What you are asked to do =>
Copy all lines containing the string "shows" from the records below.

(Records shown)

lemma large_rows_orth_radix_iff:
  assumes "sudoku n (M i)" "sudoku n (M j)" "0 < i" "0 < j"
  shows "(\<forall>a<n. orth_on (large_row n a) {0..<n} {0..<n^2} (case_prod (radix n (M i))) (case_prod (M j))) \<longleftrightarrow>
    rows_separate n M {(j + 2, 1), (j + 2, 2), (1, 1), (i + 2, 1)}"
proof -
  have "(\<forall>a<n. orth_on (large_row n a) {0..<n} {0..<n^2} (case_prod (radix n (M i))) (case_prod (M j))) \<longleftrightarrow>
      inj_on (\<lambda>(x1, x2, x3, x4).
        (x1, radix n (M i) (x1 * n + x2) (x3 * n + x4), M j (x1 * n + x2) (x3 * n + x4))) (locations n)"
    by (rule orth_on_large_rows_iff) (simp_all add: assms radix_def sudoku_entry_div_less sudoku_entry_less)
  also have "\<dots> \<longleftrightarrow> rows_separate n M {(j + 2, 1), (j + 2, 2), (1, 1), (i + 2, 1)}"
    using assms
    by (intro rows_separate_iff_inj_on[symmetric]) (auto simp: assoc_array_def radix_def div_mod_eq_conj_iff)
  finally show ?thesis .
qed

lemma large_cols_orth_radix_iff:
  assumes "sudoku n (M i)" "sudoku n (M j)" "0 < i" "0 < j"
  shows "(\<forall>b<n. orth_on (large_col n b) {0..<n} {0..<n^2} (case_prod (radix n (M i))) (case_prod (M j))) \<longleftrightarrow>
    rows_separate n M {(j + 2, 1), (j + 2, 2), (2, 1), (i + 2, 1)}"
proof -
  have "(\<forall>b<n. orth_on (large_col n b) {0..<n} {0..<n^2} (case_prod (radix n (M i))) (case_prod (M j))) \<longleftrightarrow>
      inj_on (\<lambda>(x1, x2, x3, x4).
        (x3, radix n (M i) (x1 * n + x2) (x3 * n + x4), M j (x1 * n + x2) (x3 * n + x4))) (locations n)"
    by (rule orth_on_large_cols_iff) (simp_all add: assms radix_def sudoku_entry_div_less sudoku_entry_less)
  also have "\<dots> \<longleftrightarrow> rows_separate n M {(j + 2, 1), (j + 2, 2), (2, 1), (i + 2, 1)}"
    using assms
    by (intro rows_separate_iff_inj_on[symmetric]) (auto simp: assoc_array_def radix_def div_mod_eq_conj_iff)
  finally show ?thesis .
qed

(End Records shown)

Task solution =>
  shows "(\<forall>a<n. orth_on (large_row n a) {0..<n} {0..<n^2} (case_prod (radix n (M i))) (case_prod (M j))) \<longleftrightarrow>
  shows "(\<forall>b<n. orth_on (large_col n b) {0..<n} {0..<n^2} (case_prod (radix n (M i))) (case_prod (M j))) \<longleftrightarrow>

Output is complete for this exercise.